Otterbourg litigator Bill Moran says the time is now for the Biden administration to bring about a collaboration with Big Tech companies – willingly or not – to protect U.S. national commerce and defense.
Moran, who chairs Otterbourg’s Crisis Management and Investigations Group, says It’s time to Declare War on Cybercrime. He shares his thoughts with Digital Journal.
Moran has had a significant increase in clients and potential clients in the private sector seeking advice about getting ahead of the cybercrime tidal wave (a term coined in a 2013 futurist article).
Moran begins by the recent recovery of the Colonial Pipeline ransomware by U.S. authorities (as reported by Digital Journal), noting the “Seizure by the Justice Department of the majority of the bitcoin ransom paid by Colonial Pipeline is obviously what the Biden administration meant by “rapid tracing and interdiction of virtual currency proceeds”. This includes plans for backing up data with segregated systems, separating online corporate business functions from the production side of the business, establishing quick response security and continuity plans, and educating the workforce on proper cyberhygiene.”
The insurance sector remains jittery about the progress, Moran notes: “While the recovery of most of the Colonial Pipeline ransom is a stunning achievement for the newly formed Ransomware and Digital Extortion Task Force, it will not likely impact the insurance industry’s concerns.
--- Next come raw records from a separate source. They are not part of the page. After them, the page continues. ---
lemma lam_pos_upto_a:
  assumes "d \<ge> 1" "1 \<le> k" "k \<le> a_of I d"
  shows "lam k > 0"
proof -
  have "(\<Prod>j=1..a_of I d. lam j) \<noteq> 0"
    using init_pos[OF assms(1)] unfolding init_eq[OF assms(1)] by (metis mult_zero_right less_irrefl)
  then have "lam k \<noteq> 0" using assms prod_zero_iff[of "{1..a_of I d}" lam] by auto
  then show ?thesis using lam_nonneg[OF assms(2)] by simp
qed

lemma tract_count:
  assumes d: "d \<ge> 1" and t: "0 < t" "t \<le> 1"
    and inj: "inj_on f X" and img: "f ` X \<subseteq> nabla_A I d"
  shows "real (card {x\<in>X. lam_dk lam d (f x) > t}) \<le> C * real d powr q * t powr (-p/2)"
proof -
  have fin: "finite (info_set lam I (sqrt t) d)"
    and bnd: "real (card (info_set lam I (sqrt t) d)) \<le> C * sqrt t powr (-p) * real d powr q"
    using tract d t unfolding poly_tract_const_def by auto
  have "card {x\<in>X. lam_dk lam d (f x) > t} \<le> card (info_set lam I (sqrt t) d)"
    using inj img t by (intro card_inj_on_le[OF _ _ fin]) (auto simp: info_set_def inj_on_def)
  moreover have "sqrt t powr (-p) = t powr (-p/2)"
    using t by (simp add: powr_half_sqrt[symmetric] powr_powr)
  ultimately show ?thesis using bnd by (simp add: algebra_simps)
qed

(* The case d = 1 of tractability bounds all partial sums of lambda_m^tau for tau > p/2. *)
lemma partial_sum_le:
  assumes tau: "p/2 < \<tau>"
  shows "(\<Sum>m=1..M. lam m powr \<tau>) \<le> C * (lam 1 powr \<tau> + tail_const p \<tau>)"
proof (rule sum_powr_le_counting[where g=lam and G="lam 1" and B=C])
  define f where "f m = (\<lambda>l::nat. if l = 1 then m else 0)" for m :: nat
  have f_nabla: "f ` {1..M} \<subseteq> nabla_A I 1" unfolding nabla_A_def I_1 f_def by auto
  have "inj_on f {1..M}" by (rule inj_onI, drule fun_cong[where x=1]) (simp add: f_def)
  moreover have "lam_dk lam 1 (f m) = lam m" for m by (simp add: lam_dk_def f_def)
  ultimately show "real (card {m\<in>{1..M}. lam m > t}) \<le> C * t powr (-p/2)" if "0 < t" "t \<le> 1" for t
    using tract_count[of 1 t f "{1..M}"] that f_nabla by simp
qed (use lam_nonneg lam_mono C_pos p_pos tau in simp_all)

lemma summable_powr:
  assumes "p/2 < \<tau>"
  shows "summable (\<lambda>m. lam (Suc m) powr \<tau>)"
proof (rule summableI_nonneg_bounded)
  show "(\<Sum>i<n. lam (Suc i) powr \<tau>) \<le> C * (lam 1 powr \<tau> + tail_const p \<tau>)" for n
    using partial_sum_le[OF assms, of n] sum.atLeast1_atMost_eq[of "\<lambda>m. lam m powr \<tau>" n] by simp
qed simp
It appears that law enforcement was able to track the bitcoin to a digital wallet identified as connected to the ransom, which as described in the FBI agent’s affidavit supporting the seizure warrant was accomplished using a blockchain explorer searching the blockchain where ‘[a]ll Bitcoin transactions are recorded,’ and which is ‘visible online for everyone.’”
Furthermore, Moran clarifies, the transparency is missing: “As also explained in the warrant affidavit, the wallet was opened and the bitcoin was able to be seized by use of a digital ‘private key’ the task force obtained. It was not revealed in that affidavit how that private key was obtained.”
So what happened? According to Moran: “Given the nature of cryptocurrency it is unlikely it was obtained by brute force hacking by law enforcement. Most likely it was obtained by either a careless criminal through the FBI’s year-long surveillance of DarkSide, the Russian-based hacking group associated with the intrusion, or from a cooperating confederate of the group. As such, while laudable, this success may be unique, and therefore unlikely to relieve the increased vetting of customers by cybercrime insurers or the increasing costs. Accordingly, the need for U.S. businesses to increase cybersecurity measures and crisis preparedness will not soon abate.”
Yet there is more than needs to be done, as Moran. He explains that “While the Biden administration now has cybercrime at the top of its priority list, as far as government action is concerned it is unclear what is being done. So far all we have seen is the recent executive order to federal agencies and contractors to up their game on cybersecurity and the well-publicized warning in an open letter last week from the deputy national security advisor to American business to increase security measures.”
He adds that greater clarity is needed of what the U.S. government is planning. His point is: “The only action item the government has clued us in on in its efforts to combat ransomware, which was in that open letter, is an effort to enable the trading and interdiction from ransom payments, so as to ‘disrupt and deter.’ What that entails and what success has been achieved, however, is not yet known. As I have been stating for some time, until the Biden administration drafts U.S. Big Tech to join forces and aggressively turn the table on cybercriminals, it is very much every company for itself.”